Why you should be scared by 1.7% GDP growth
Cattle await sale at the Burlington Livestock Exchange on August 23, 2012 in Burlington, on the plains of eastern Colorado.
Gross domestic product grew at a 1.7 percent annual rate in the second quarter. That’s a faster pace than first expected, so it sounds like good news, right? Well, don’t break out the champagne just yet.
Wells Fargo senior economist Mark Vitner has been saying for years that this is a recovery only a statistician could love. And, no offense to statisticians, but he’s still saying it today.

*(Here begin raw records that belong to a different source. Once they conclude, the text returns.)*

lemma good_insert_descendants:
  assumes "finite {w. is_desc E v w}"
  shows "good E (insert v {w. is_desc E v w})"
proof -
  let ?S = "insert v {w. is_desc E v w}"
  have finite_desc: "finite {w. is_desc E x w}" if "x \<in> ?S" for x
  proof (rule rev_finite_subset[OF assms])
    show "{w. is_desc E x w} \<subseteq> {w. is_desc E v w}"
      using that is_desc_trans[of E v x] by blast
  qed
  have "finite {w\<in>?S. is_desc E x w}" if "x \<in> ?S" for x
    using finite_desc[OF that] by (rule rev_finite_subset) blast
  then have "IAP E ?S" unfolding IAP_def by blast
  moreover have "CONV E ?S" unfolding CONV_def by (blast intro: is_desc_trans)
  moreover have "CA E ?S" unfolding CA_def by blast
  moreover have "REF E ?S" unfolding REF_def using finite_desc by blast
  ultimately show ?thesis unfolding good_def by blast
qed

lemma REF_Union:
  assumes "\<And>S. S \<in> \<C> \<Longrightarrow> REF E S"
  shows "REF E (\<Union>\<C>)"
  unfolding REF_def
proof (intro ballI impI)
  fix x assume "x \<in> \<Union>\<C>" "infinite {w. is_desc E x w}"
  then obtain S where "S \<in> \<C>" "infinite {w\<in>S. is_desc E x w}"
    using assms unfolding REF_def by blast
  moreover have "{w\<in>S. is_desc E x w} \<subseteq> {w\<in>\<Union>\<C>. is_desc E x w}"
    using \<open>S \<in> \<C>\<close> by blast
  ultimately show "infinite {w\<in>\<Union>\<C>. is_desc E x w}"
    using infinite_super by blast
qed

lemma CONV_Union_chain:
  assumes "chain\<^sub>\<subseteq> \<C>" "\<And>S. S \<in> \<C> \<Longrightarrow> CONV E S"
  shows "CONV E (\<Union>\<C>)"
  unfolding CONV_def
proof (intro allI impI)
  fix y assume "(\<exists>a\<in>\<Union>\<C>. is_desc E a y) \<and> (\<exists>d\<in>\<Union>\<C>. is_desc E y d)"
  then obtain a d S T where "S \<in> \<C>" "a \<in> S" "is_desc E a y" "T \<in> \<C>" "d \<in> T" "is_desc E y d"
    by blast
  moreover have "S \<subseteq> T \<or> T \<subseteq> S" using assms(1) \<open>S \<in> \<C>\<close> \<open>T \<in> \<C>\<close>
    unfolding chain_subset_def by blast
  ultimately show "y \<in> \<Union>\<C>" using assms(2) unfolding CONV_def by blast
qed

lemma finite_descendants_outside:
  assumes "S \<subseteq> T" "infinite S" "CONV E S" "IAP E T" "REF E T"
    and "a \<in> S" "is_desc E a y" "y \<in> T - S"
  shows "finite {w. is_desc E y w}"
proof (rule ccontr)
  assume "infinite {w. is_desc E y w}"
  then have "infinite {w\<in>T. is_desc E y w}" using assms(5,8) unfolding REF_def by blast
  then have "finite {w\<in>T. \<not> is_desc E y w}" using assms(4,8) unfolding IAP_def by blast
  then have "\<not> S \<subseteq> {w\<in>T. \<not> is_desc E y w}" using assms(2) finite_subset by blast
  then obtain z where "z \<in> S" "is_desc E y z" using assms(1) by blast
  then have "y \<in> S" using assms(3,6,7) unfolding CONV_def by blast
  then show False using assms(8) by blast
qed

lemma non_descendants_outside_via_exit_edges:
  assumes "CONV E U" "S \<subseteq> U" "rooted_at E r U" "r \<in> S"
  shows "{w\<in>U. \<not> is_desc E x w} - S \<subseteq>
    (\<Union>p\<in>{w\<in>S. \<not> is_desc E x w}. \<Union>b\<in>{b\<in>U - S. E p b}. insert b {w. is_desc E b w})"
proof
  fix y assume y: "y \<in> {w\<in>U. \<not> is_desc E x w} - S"
  then have "y \<notin> S" by blast
  have "is_desc E r y" using y assms(3,4) unfolding rooted_at_def by auto
  then obtain p b where pb: "p \<in> S" "b \<notin> S" "E p b" "p = r \<or> is_desc E r p"
    and b: "b = y \<or> is_desc E b y"
    by (rule is_desc_exit_edge[OF _ assms(4) \<open>y \<notin> S\<close>])
  have "is_desc E p b" using pb(3) by (rule is_desc_if_edge)
  then have "is_desc E p y" using b is_desc_trans[of E p b y] by blast
  then have "\<not> is_desc E x p" using y is_desc_trans[of E x p y] by blast
  have "is_desc E r b" using pb(4) \<open>is_desc E p b\<close> is_desc_trans[of E r p b] by blast
  moreover have "r \<in> U" using assms(3) unfolding rooted_at_def by blast
  ultimately have "b \<in> U" using assms(1) b y unfolding CONV_def by blast
  then show "y \<in> (\<Union>p\<in>{w\<in>S. \<not> is_desc E x w}. \<Union>b\<in>{b\<in>U - S. E p b}. insert b {w. is_desc E b w})"
    using pb \<open>\<not> is_desc E x p\<close> b by blast
qed

lemma rooted_at_Union_chain:
  assumes "chain\<^sub>\<subseteq> \<C>" "S0 \<in> \<C>" "rooted_at E r S0"
    and root_above: "\<forall>S\<in>\<C>. S0 \<subseteq> S \<longrightarrow> rooted_at E r S"
  shows "rooted_at E r (\<Union>\<C>)"
  unfolding rooted_at_def
proof (intro conjI ballI impI)
  show "r \<in> \<Union>\<C>" using assms(2,3) unfolding rooted_at_def by auto
  fix w assume "w \<in> \<Union>\<C>" "w \<noteq> r"
  then obtain S where "S \<in> \<C>" "w \<in> S" by blast
  moreover have "S \<subseteq> S0 \<or> S0 \<subseteq> S"
    using assms(1,2) \<open>S \<in> \<C>\<close> unfolding chain_subset_def by blast
  ultimately have "w \<in> S0 \<or> rooted_at E r S"
    using root_above by blast
  then show "is_desc E r w" using assms(3) \<open>w \<in> S\<close> \<open>w \<noteq> r\<close> unfolding rooted_at_def by auto
qed

definition infinite_branch :: "('v \<Rightarrow> 'v \<Rightarrow> bool) \<Rightarrow> 'v \<Rightarrow> 'v set \<Rightarrow> bool" where
  "infinite_branch E v S \<longleftrightarrow>
     rooted_at E v S \<and> CONV E S \<and> (\<forall>x\<in>S. infinite {w\<in>S. is_desc E x w})"

locale biosphere =
  fixes E :: "'v \<Rightarrow> 'v \<Rightarrow> bool" and t :: "'v \<Rightarrow> real"
  assumes time_increasing: "E v w \<Longrightarrow> t v < t w"
    and finite_before: "finite {v. t v < r}"
    and finite_children: "finite {w. E v w}"

lemma biosphere_if_infinite_biosphere: "infinite_biosphere E t \<Longrightarrow> biosphere E t"
  unfolding infinite_biosphere_def biosphere_def by blast

context biosphere
begin

lemma is_desc_time: "is_desc E a b \<Longrightarrow> t a < t b"
  unfolding is_desc_def
proof (induction rule: trancl_induct)
  case (base b)
  then show ?case by (simp add: time_increasing)
next
  case (step b c)
  then show ?case using time_increasing[of b c] by simp
qed

lemma not_is_desc_self: "\<not> is_desc E a a"
  using is_desc_time less_irrefl by blast

lemma finite_ancestors: "finite {a. is_desc E a b}"
  using finite_before[of "t b"] by (rule rev_finite_subset) (auto dest: is_desc_time)

lemma inj_ray: "ray E r \<Longrightarrow> inj r"
  by (rule linorder_injI) (metis ray_is_desc not_is_desc_self)

lemma infinite_branch_ray_hull:
  assumes "ray E r" "r 0 = v"
  shows "infinite_branch E v (ray_hull E v r)"
proof -
  let ?H = "ray_hull E v r"
  have on_ray: "r k \<in> ?H" for k
    using ray_is_desc[OF assms(1), of 0 k] assms(2) unfolding ray_hull_def by (cases k) auto
  have "rooted_at E v ?H"
    using on_ray[of 0] assms(2) unfolding rooted_at_def ray_hull_def by auto
  moreover have "CONV E ?H"
    unfolding CONV_def ray_hull_def by (blast intro: is_desc_trans)
  moreover have "infinite {w\<in>?H. is_desc E x w}" if x: "x \<in> ?H" for x
  proof -
    obtain k where "x = r k \<or> is_desc E x (r k)"
      using x unfolding ray_hull_def by blast
    then have "r ` {k<..} \<subseteq> {w\<in>?H. is_desc E x w}"
      using on_ray ray_is_desc[OF assms(1), of k] is_desc_trans[of E x "r k"] by auto
    moreover have "infinite (r ` {k<..})"
      using inj_ray[OF assms(1)] by (simp add: finite_image_iff inj_on_subset infinite_Ioi)
    ultimately show ?thesis by (rule infinite_super)
  qed
  ultimately show ?thesis unfolding infinite_branch_def by blast
qed

lemma child_with_infinitely_many_descendants:
  assumes "infinite {w\<in>N. is_desc E y w}"
    and "\<And>c w. E y c \<Longrightarrow> is_desc E c w \<Longrightarrow> w \<in> N \<Longrightarrow> c \<in> N"
  obtains c where "c \<in> N" "E y c" "infinite {w\<in>N. is_desc E c w}"
proof -
  have "{w\<in>N. is_desc E y w} \<subseteq> (\<Union>c\<in>{c. E y c}. insert c {w\<in>N. is_desc E c w})"
    by (blast elim: is_desc_first_edge)
  then have "infinite (\<Union>c\<in>{c. E y c}. insert c {w\<in>N. is_desc E c w})"
    using assms(1) by (rule infinite_super)
  then obtain c where "E y c" "infinite {w\<in>N. is_desc E c w}"
    using finite_children[of y] by auto
  moreover from this obtain w where "w \<in> N" "is_desc E c w"
    using not_finite_existsD by blast
  ultimately show thesis using that assms(2) by blast
qed

lemma ray_within:
  assumes "v \<in> N" "infinite {w\<in>N. is_desc E v w}"
    and closed: "\<And>y c w. y \<in> N \<Longrightarrow> E y c \<Longrightarrow> is_desc E c w \<Longrightarrow> w \<in> N \<Longrightarrow> c \<in> N"
  shows "\<exists>r. r 0 = v \<and> ray E r \<and> range r \<subseteq> N"
proof -
  let ?P = "\<lambda>y. y \<in> N \<and> infinite {w\<in>N. is_desc E y w}"
  have step: "\<exists>c. E y c \<and> ?P c" if "?P y" for y
  proof -
    from that have "y \<in> N" "infinite {w\<in>N. is_desc E y w}" by blast+
    obtain c where "c \<in> N" "E y c" "infinite {w\<in>N. is_desc E c w}"
    proof (rule child_with_infinitely_many_descendants[OF \<open>infinite {w\<in>N. is_desc E y w}\<close>])
      show "c \<in> N" if "E y c" "is_desc E c w" "w \<in> N" for c w
        using closed[OF \<open>y \<in> N\<close> that] .
    qed
    then show ?thesis by blast
  qed
  have start: "?P v" using assms(1,2) by blast
  obtain r where "r 0 = v" "ray E r" "\<forall>k. ?P (r k)"
    using ray_exists[where P = ?P and E = E, OF start step] by blast
  then show ?thesis by blast
qed

lemma infinite_branch_exists:
  assumes "infinite {w. is_desc E v w}"
  obtains S where "infinite_branch E v S"
proof -
  have "\<exists>r. r 0 = v \<and> ray E r"
    using ray_within[of v UNIV] assms by simp
  then show thesis using that infinite_branch_ray_hull by blast
qed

“Anytime the economy’s growing at less than a 2 percent annual rate, it’s really nothing to crow about,” he says.
Beating expectations isn’t that great when expectations are so low to start with. And to add insult to injury, today’s GDP numbers only look high when compared to first quarter GDP, which was revised down.
“First quarter was actually lower than we had thought, so we’re really not much better off today, given that we started at a lower spot than we had thought,” says Randy Kroszner, a professor of economics at the Booth School of Business in Chicago.
Still, there are some bright spots in GDP-land. Consumer spending wasn’t voracious, but it led the way. There was also pretty strong growth in business investment. And while the economy as a whole faces headwinds, some sectors are doing fine. Just call Dodge City, Kansas, where agricultural exports are helping drive the economy.
“We currently are processing between 60,000 and 70,000 head of cattle a week,” says Dan Schenkein, president of the Dodge City Chamber of Commerce. He says between beef and grain, nobody wants to get out of Dodge these days.
“Essentially anybody looking for a job can work in very well paying positions here in our community,” he says.
Dodge City may be an outlier in that respect. Economists say current GDP growth isn’t enough to bring unemployment down. But some expect economic growth to ramp up later this year.